Nfld. & Labrador

Not surprised staff leaving Eastern Health: ex-CEO

The former head of Eastern Health says he is not surprised to see colleagues leave the beleaguered St. John's-based health authority.

The former head of Eastern Health says he is not surprised to see colleagues leave the beleaguered St. John's-based health authority.

George Tilley, who resigned as Eastern Health's chief executive officer last July, returned to the Cameron inquiry Monday to complete his testimony.

Tilley resigned after government lost confidence in him.
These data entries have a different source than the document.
lemma has_real_derivative_saturation:
  fixes g :: "real \<Rightarrow> real"
  assumes "(g has_real_derivative g') (at x)" and "g x \<ge> 0"
  shows "((\<lambda>x. K^2 * g x / (2 * (1 + g x))) has_real_derivative K^2 * g' / (2 * (g x + 1)^2)) (at x)"
proof -
  have "K^2 * g' / (2 * d^2) = (K^2 * g' * (2 * d) - K^2 * (d - 1) * (2 * g')) / (2 * d * (2 * d))"
    if "d \<noteq> 0" for d :: real
    using that by (simp add: field_simps power2_eq_square)
  from this[of "1 + g x"] assms(2)
  have "K^2 * g' / (2 * (g x + 1)^2)
      = (K^2 * g' * (2 * (1 + g x)) - K^2 * g x * (2 * g')) / (2 * (1 + g x) * (2 * (1 + g x)))"
    by (simp add: add.commute)
  with assms show ?thesis
    by (auto intro!: derivative_eq_intros)
qed

lemma Utilde_iso:
  "Utilde \<nu> 1 \<alpha> (kb, kb, 0) = (\<lambda>\<theta>. (sqrt (1 + \<nu>) * kb)^2 * ((aP \<nu> 1 * cos \<theta>)^2 + (bP \<nu> 1 \<alpha> * sin \<theta>)^2)
      / (2 * (1 + ((aP \<nu> 1 * cos \<theta>)^2 + (bP \<nu> 1 \<alpha> * sin \<theta>)^2))))"
proof -
  have T: "Tmap \<nu> 1 \<alpha> (kb, kb, 0) = (sqrt (1 + \<nu>) * kb, 0, 0)"
    by (simp add: Tmap_def)
  show ?thesis
    unfolding Utilde_def T Inf_half_sq_dist_line ..
qed

lemma Utilde_iso_deriv:
  "(Utilde \<nu> 1 \<alpha> (kb, kb, 0) has_real_derivative
     (sqrt (1 + \<nu>) * kb)^2 * ((bP \<nu> 1 \<alpha>)^2 - (aP \<nu> 1)^2) * sin (2 * \<theta>)
     / (2 * ((aP \<nu> 1)^2 * (cos \<theta>)^2 + (bP \<nu> 1 \<alpha>)^2 * (sin \<theta>)^2 + 1)^2)) (at \<theta>)"
proof -
  have "((\<lambda>\<theta>. (aP \<nu> 1 * cos \<theta>)^2 + (bP \<nu> 1 \<alpha> * sin \<theta>)^2) has_real_derivative
      ((bP \<nu> 1 \<alpha>)^2 - (aP \<nu> 1)^2) * sin (2 * \<theta>)) (at \<theta>)"
    unfolding sin_double by (auto intro!: derivative_eq_intros simp: algebra_simps power2_eq_square)
  from has_real_derivative_saturation[OF this, of "sqrt (1 + \<nu>) * kb"] show ?thesis
    unfolding Utilde_iso by (simp add: power_mult_distrib mult.assoc)
qed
A controversial review of a suspended radiologist's work was cited as the defining cause, but it followed weeks of controversy over flawed breast cancer testing.

When inquiry co-counsel Bern Coffey asked how he reacted to his departure, Tilley said, "Punched, feeling that 30 years of work was valuing less and less."

The inquiry, which is examining what went wrong with flawed hormone receptor tests and with how officials responded, has heard that Eastern Health had no coherent system for contacting patients about the problems, even though it had assured cabinet ministers that all patients had been contacted.

Tilley testified Monday that he accepted responsibility for the problems during a meeting last year with Health Minister Ross Wiseman.

Tilley told the inquiry that an inferior database made it impossible to know whether all patients had been contacted.

"The system does not have the level of automation that I think a lot of people in other industries have," Tilley said.

"It makes a situation, when you literally have hundreds of patients, near impossible to manage appropriately."

Eastern Health came into being in early 2005 when the provincial government amalgamated seven regional hospital, nursing home and community health boards, as well as a provincewide board responsible for cancer care.

While the authority was still organizing itself, and grappling with what Tilley has previously described as a reduced budget, it learned of serious mistakes with hormone receptor testing, which help determine the course of treatment that breast cancer patients receive.

In recent weeks, two pathologists have tendered their resignations at Eastern Health, although one, Dr. Dan Fontaine, said his resignation is due not to the inquiry but to the lack of staffing and resources in his workplace.

Tilley, who was since hired by the Canadian Health Services Research Foundation, said he has spoken with former colleagues since he returned to St. John's last month to testify.

"This has got to be one of the most demanding management times for that organization," he told Justice Margaret Cameron.

"Staff are feeling a tremendous amount of anxiety, and I don't only put it down to the commission. I think that over the past year there's been a lot of media attention to that organization, and I believe some of it is very unfair, and that organization needs a lot of support and attention," Tilley said.

"It's not a surprise to me that people are choosing to look elsewhere."